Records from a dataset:

definition rvec :: "nat \<Rightarrow> nat \<Rightarrow> (int \<Rightarrow> nat \<Rightarrow> 'a::field mat) \<Rightarrow> int \<Rightarrow> 'a mat" where
  "rvec n m a k = mat (m*n) n (\<lambda>(r,c).
     if odd (r div n) then a k (r div n) $$ (r mod n, c) else 0)"

fun Qprod :: "nat \<Rightarrow> nat \<Rightarrow> (int \<Rightarrow> nat \<Rightarrow> 'a::field mat) \<Rightarrow> int \<Rightarrow> nat \<Rightarrow> 'a mat" where
  "Qprod n m a k 0 = 1\<^sub>m (m*n)"
| "Qprod n m a k (Suc l) = Qprod n m a k l * Qmat n m a (k + int l)"

definition Fmat :: "nat \<Rightarrow> nat \<Rightarrow> (int \<Rightarrow> nat \<Rightarrow> 'a::field mat) \<Rightarrow> int \<Rightarrow> nat \<Rightarrow> 'a mat" where
  "Fmat n m a k l = Qprod n m a k l * rvec n m a (k + int l)"

text \<open>N_k = (F_0, ..., F_{m-1}), block column l is F_l.\<close>
definition Nmat :: "nat \<Rightarrow> nat \<Rightarrow> (int \<Rightarrow> nat \<Rightarrow> 'a::field mat) \<Rightarrow> int \<Rightarrow> 'a mat" where
  "Nmat n m a k = mat (m*n) (m*n) (\<lambda>(r,c). Fmat n m a k (c div n) $$ (r, c mod n))"

definition blk :: "nat \<Rightarrow> 'a mat \<Rightarrow> nat \<Rightarrow> 'a mat" where
  "blk n C i = mat n n (\<lambda>(p,q). C $$ (i*n + p, q))"

definition scale_odd :: "'a::field \<Rightarrow> (int \<Rightarrow> nat \<Rightarrow> 'a mat) \<Rightarrow> int \<Rightarrow> nat \<Rightarrow> 'a mat" where
  "scale_odd \<mu> a j i = (if odd i then \<mu> \<cdot>\<^sub>m a j i else a j i)"

end

theory Submission
  imports Defs "Jordan_Normal_Form.Determinant"
begin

◆ Task:
Please return the records above exactly as they are written.

◆ Solution to this problem:
definition rvec :: "nat \<Rightarrow> nat \<Rightarrow> (int \<Rightarrow> nat \<Rightarrow> 'a::field mat) \<Rightarrow> int \<Rightarrow> 'a mat" where
  "rvec n m a k = mat (m*n) n (\<lambda>(r,c).
     if odd (r div n) then a k (r div n) $$ (r mod n, c) else 0)"

fun Qprod :: "nat \<Rightarrow> nat \<Rightarrow> (int \<Rightarrow> nat \<Rightarrow> 'a::field mat) \<Rightarrow> int \<Rightarrow> nat \<Rightarrow> 'a mat" where
  "Qprod n m a k 0 = 1\<^sub>m (m*n)"
| "Qprod n m a k (Suc l) = Qprod n m a k l * Qmat n m a (k + int l)"

definition Fmat :: "nat \<Rightarrow> nat \<Rightarrow> (int \<Rightarrow> nat \<Rightarrow> 'a::field mat) \<Rightarrow> int \<Rightarrow> nat \<Rightarrow> 'a mat" where
  "Fmat n m a k l = Qprod n m a k l * rvec n m a (k + int l)"

text \<open>N_k = (F_0, ..., F_{m-1}), block column l is F_l.\<close>
definition Nmat :: "nat \<Rightarrow> nat \<Rightarrow> (int \<Rightarrow> nat \<Rightarrow> 'a::field mat) \<Rightarrow> int \<Rightarrow> 'a mat" where
  "Nmat n m a k = mat (m*n) (m*n) (\<lambda>(r,c). Fmat n m a k (c div n) $$ (r, c mod n))"

definition blk :: "nat \<Rightarrow> 'a mat \<Rightarrow> nat \<Rightarrow> 'a mat" where
  "blk n C i = mat n n (\<lambda>(p,q). C $$ (i*n + p, q))"

definition scale_odd :: "'a::field \<Rightarrow> (int \<Rightarrow> nat \<Rightarrow> 'a mat) \<Rightarrow> int \<Rightarrow> nat \<Rightarrow> 'a mat" where
  "scale_odd \<mu> a j i = (if odd i then \<mu> \<cdot>\<^sub>m a j i else a j i)"

end

theory Submission
  imports Defs "Jordan_Normal_Form.Determinant"
begin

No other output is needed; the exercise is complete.